Description of the invention The alloy according to the invention has a manganese content of the same order as that of alloys 3003 or 3103 and contains practically no copper or magnesium. Unlike the teaching of the prior art which recommends low iron contents for corrosion resistance, the alloy exhibits good behavior with an iron content greater than 0.20%> and up to

0.50%. This avoids the use of a more expensive pure aluminum base.

Contrary also to the teaching of the prior art, a chromium content greater than 0.10%, and preferably 0.15%, has been found to favor corrosion resistance. An addition of zinc at a low content, less than 0.50%, and preferably 0.20%, is also favorable.

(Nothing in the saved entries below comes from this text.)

fun E :: "('a, 't, 'o, 's::{semiring_0,monoid_mult}) exp \<Rightarrow> 't atom \<Rightarrow> 's" where
  "E (Act p) \<alpha> = 0"
| "E (Ret v) \<alpha> = 0"
| "E (Test b) \<alpha> = (if bsat \<alpha> b then 1 else 0)"
| "E (WChoice e r s f) \<alpha> = r * E e \<alpha> + s * E f \<alpha>"
| "E (GChoice e b f) \<alpha> = (if bsat \<alpha> b then E e \<alpha> else E f \<alpha>)"
| "E (Seq e f) \<alpha> = E e \<alpha> * E f \<alpha>"
| "E (Loop e b) \<alpha> = (if bsat \<alpha> (BNot b) then 1 else 0)"

definition positive_semiring :: "'s::{semiring_0,monoid_mult} itself \<Rightarrow> bool" where
  "positive_semiring _ \<longleftrightarrow>
     (\<forall>a b::'s. a + b = 0 \<longrightarrow> a = 0 \<and> b = 0) \<and>
     (\<forall>a b::'s. a * b = 0 \<longrightarrow> a = 0 \<or> b = 0)"

definition refinement_semiring :: "'s::{semiring_0,monoid_mult} itself \<Rightarrow> bool" where
  "refinement_semiring _ \<longleftrightarrow>
     (\<forall>a b c d::'s. a + b = c + d \<longrightarrow>
        (\<exists>r1 r2 r3 r4. a = r1 + r2 \<and> b = r3 + r4 \<and> c = r1 + r3 \<and> d = r2 + r4))"

definition conway_star :: "('s::{semiring_0,monoid_mult} \<Rightarrow> 's) \<Rightarrow> bool" where
  "conway_star st \<longleftrightarrow>
     (\<forall>a b. st (a + b) = st a * st (b * st a)) \<and>
     (\<forall>a b. st (a * b) = 1 + a * st (b * a) * b)"
lemma coeff_genfib:
  assumes k: "1 \<le> k"
  shows "coeff (genfib k (a + k * j)) a = int (a + j choose j)"
proof (induction "a + k * j" arbitrary: a j rule: less_induct)
  case less
  show ?case
  proof (cases "a + k * j < k")
    case True
    then have "j = 0" by (cases j) auto
    then show ?thesis using True by (simp add: genfib_less)
  next
    case False
    then have N: "k \<le> a + k * j" by simp
    show ?thesis
    proof (cases a)
      case 0
      then obtain j' where j: "j = Suc j'" using N k by (cases j) auto
      then show ?thesis
        using coeff_genfib_rec[OF k N, of a] less.hyps[of 0 j'] k 0 by simp
    next
      case (Suc b)
      have left: "coeff (genfib k (a + k * j - 1)) b = int (b + j choose j)"
        using less.hyps[of b j] Suc k by simp
      show ?thesis
      proof (cases j)
        case 0
        have "coeff (genfib k (a + k * j - k)) a = 0"
          using coeff_genfib_eq_0[OF k, of "a + k * j - k" a] N 0 k by force
        then show ?thesis using coeff_genfib_rec[OF k N, of a] left Suc 0 by simp
      next
        case (Suc j')
        have "coeff (genfib k (a + k * j - k)) a = int (a + j' choose j')"
          using less.hyps[of a j'] Suc k by simp
        then show ?thesis using coeff_genfib_rec[OF k N, of a] left Suc \<open>a = Suc b\<close> by simp
      qed
    qed
  qed
qed

definition null_vec :: "nat \<Rightarrow> nat \<Rightarrow> int poly" where
  "null_vec k m = (\<Sum>j\<le>m. monom (binomz ((k - 1) * j) (int m - int j)) (k * j))"

lemma null_vec_extend:
  "m \<le> R \<Longrightarrow> null_vec k m = (\<Sum>j\<le>R. monom (binomz ((k - 1) * j) (int m - int j)) (k * j))"
  unfolding null_vec_def by (rule sum.mono_neutral_left) auto

lemma coeff_null_vec_multiple:
  assumes "1 \<le> k" "j \<le> n"
  shows "coeff (null_vec k n) (k * j) = int ((k - 1) * j choose (n - j))"
proof -
  have "coeff (null_vec k n) (k * j) =
      (\<Sum>i\<le>n. if i = j then binomz ((k - 1) * i) (int n - int i) else 0)"
    unfolding null_vec_def coeff_sum using assms by (intro sum.cong) auto
  also have "\<dots> = binomz ((k - 1) * j) (int (n - j))" using assms by simp
  finally show ?thesis by simp
qed

lemma coeff_null_vec_not_multiple:
  assumes "\<not> (\<exists>j\<le>n. d = k * j)"
  shows "coeff (null_vec k n) d = 0"
  unfolding null_vec_def coeff_sum using assms by (intro sum.neutral) auto

lemma null_vec_eq_genfib:
  assumes k: "1 \<le> k"
  shows "null_vec k n = monom 1 n * genfib k ((k - 1) * n)"
proof (rule poly_eqI)
  fix d
  have kn: "(k - 1) * n + n = k * n" using k by (cases k) auto
  have rhs: "coeff (monom 1 n * genfib k ((k - 1) * n)) d =
      (if d < n then 0 else coeff (genfib k ((k - 1) * n)) (d - n))"
    by (simp add: coeff_monom_mult)
  show "coeff (null_vec k n) d = coeff (monom 1 n * genfib k ((k - 1) * n)) d"
  proof (cases "\<exists>j\<le>n. d = k * j")
    case True
    then obtain j where j: "j \<le> n" "d = k * j" by blast
    have kj: "(k - 1) * j + j = k * j" using k by (cases k) auto
    have "k * j \<le> k * n" using j by simp
    show ?thesis
    proof (cases "d < n")
      case True
      then have "(k - 1) * j < n - j" using j kj by linarith
      then show ?thesis using coeff_null_vec_multiple[OF k j(1)] rhs True j by simp
    next
      case False
      have "(k - 1) * n = (d - n) + k * (n - j)"
        using False j kj kn \<open>k * j \<le> k * n\<close> by (simp add: diff_mult_distrib2)
      moreover have "(d - n) + (n - j) = (k - 1) * j" using False j kj by linarith
      ultimately show ?thesis
        using coeff_null_vec_multiple[OF k j(1)] coeff_genfib[OF k, of "d - n" "n - j"] rhs False j
        by simp
    qed
  next
    case False
    have "coeff (genfib k ((k - 1) * n)) (d - n) = 0" if "n \<le> d"
    proof (rule ccontr)
      assume "coeff (genfib k ((k - 1) * n)) (d - n) \<noteq> 0"
      then obtain i where i: "(k - 1) * n = (d - n) + k * i" using coeff_genfib_eq_0[OF k] by blast
      then have "k * i \<le> k * n" using kn that by linarith
      then have "i \<le> n" "d = k * (n - i)" using i kn that k by (auto simp: diff_mult_distrib2)
      then show False using False by (metis diff_le_self)
    qed
    then show ?thesis using coeff_null_vec_not_multiple[OF False] rhs by simp
  qed
qed

definition dentry :: "nat \<Rightarrow> nat \<Rightarrow> nat \<Rightarrow> int poly" where
  "dentry k i j = smult (binomz (i + k - 1) (int j + int k - 1)) (monom 1 k) - [: binomz i (int j - 1) :]"

lemma Dmat_carrier: "Dmat n k \<in> carrier_mat n n"
  by (simp add: Dmat_def)

lemma Dmat_index: "i < n \<Longrightarrow> j < n \<Longrightarrow> Dmat n k $$ (i, j) = dentry k i j"
  by (simp add: Dmat_def dentry_def)

lemma dentry_eq_0: "Suc i < j \<Longrightarrow> dentry k i j = 0"
  by (simp add: dentry_def binomz_eq_0)

lemma dentry_superdiag: "1 \<le> k \<Longrightarrow> dentry k i (Suc i) = -1"
  by (simp add: dentry_def binomz_eq_0 pCons_one)

lemma dentry_mult_monom:
  "dentry k i m * monom c d =
     monom (binomz (i + k - 1) (int m + int k - 1) * c) (k + d) - monom (binomz i (int m - 1) * c) d"
  by (simp add: dentry_def algebra_simps mult_monom smult_monom flip: monom_0)
lemma symb4_or_pow3_iff:
  fixes E :: "'v::finite set set" and f :: "'v \<Rightarrow> nat"
  assumes "simple_graph E" "gap_free E" "{p, q} \<in> E" "{r, s} \<in> E"
  shows "cover_weight_ge E 4 (\<lambda>v. f v + count_list [p, q, r, s] v)
           \<or> dominates_three_edges E (\<lambda>v. f v + count_list [p, q, r, s] v)
     \<longleftrightarrow> dominates_three_edges E (\<lambda>v. f v + count_list [p, q, r, s] v)
           \<or> (\<exists>i\<in>{i. cover_weight_ge E 4 (count_list [i, p, q, r, s])}. 1 \<le> f i)"
proof -
  have "cover_weight_ge E 4 (\<lambda>v. f v + count_list [p, q, r, s] v)"
    if "1 \<le> f i" "cover_weight_ge E 4 (count_list [i, p, q, r, s])" for i
    using that(2) by (rule cover_weight_ge_mono) (use that(1) in auto)
  then show ?thesis using symb4_not_pow3_has_var[OF assms] by blast
qed

section \<open>The colon ideals\<close>

lemma lookup_add_exp_of_list:
  "Poly_Mapping.lookup (a + exp_of_list xs) = (\<lambda>v. Poly_Mapping.lookup a v + count_list xs v)"
  by (auto simp: lookup_add lookup_exp_of_list)

lemma colon_symbolic_power_exp_of_list:
  "ideal_colon (symbolic_power E k :: ('v::finite, 'k::comm_ring_1) mpoly set) (monom (exp_of_list xs))
     = monomial_ideal (\<lambda>a. cover_weight_ge E k (\<lambda>v. Poly_Mapping.lookup a v + count_list xs v))"
  unfolding symbolic_power_eq ideal_colon_monomial_ideal lookup_add_exp_of_list ..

The process for manufacturing spun products, in particular tubes, involves the casting of billets of the indicated alloy, the homogenization of the billets, their reheating and their spinning to obtain a tube in straight length or in a crown, and one or more passes stretching to bring the product to the desired dimensions. The tube is then annealed by high-speed scrolling in a pass-through oven, preferably an induction oven. The reheating of the spun product is very rapid, less than 10 seconds, and preferably 2 seconds, and the product runs at a speed of between 20 and 200 m / min. The oven temperature is maintained between

350 and 500 ° C. The product can then be re-stretched to increase the mechanical strength.

This continuous annealing leads to a microstructure with fine equiaxed grains, of an average grain size, measured by the intercepts method, less than 40 μm, and typically of the order of 30 μm, whereas with a conventional annealing in in a static oven, the grains are elongated with a much larger grain size, of the order of 180 μm in the spinning direction and 70 μm in the direction perpendicular to the spinning. The presence of chromium further tends to decrease the grain size by increasing the density of the recrystallization sites, which has a beneficial effect on the corrosion resistance.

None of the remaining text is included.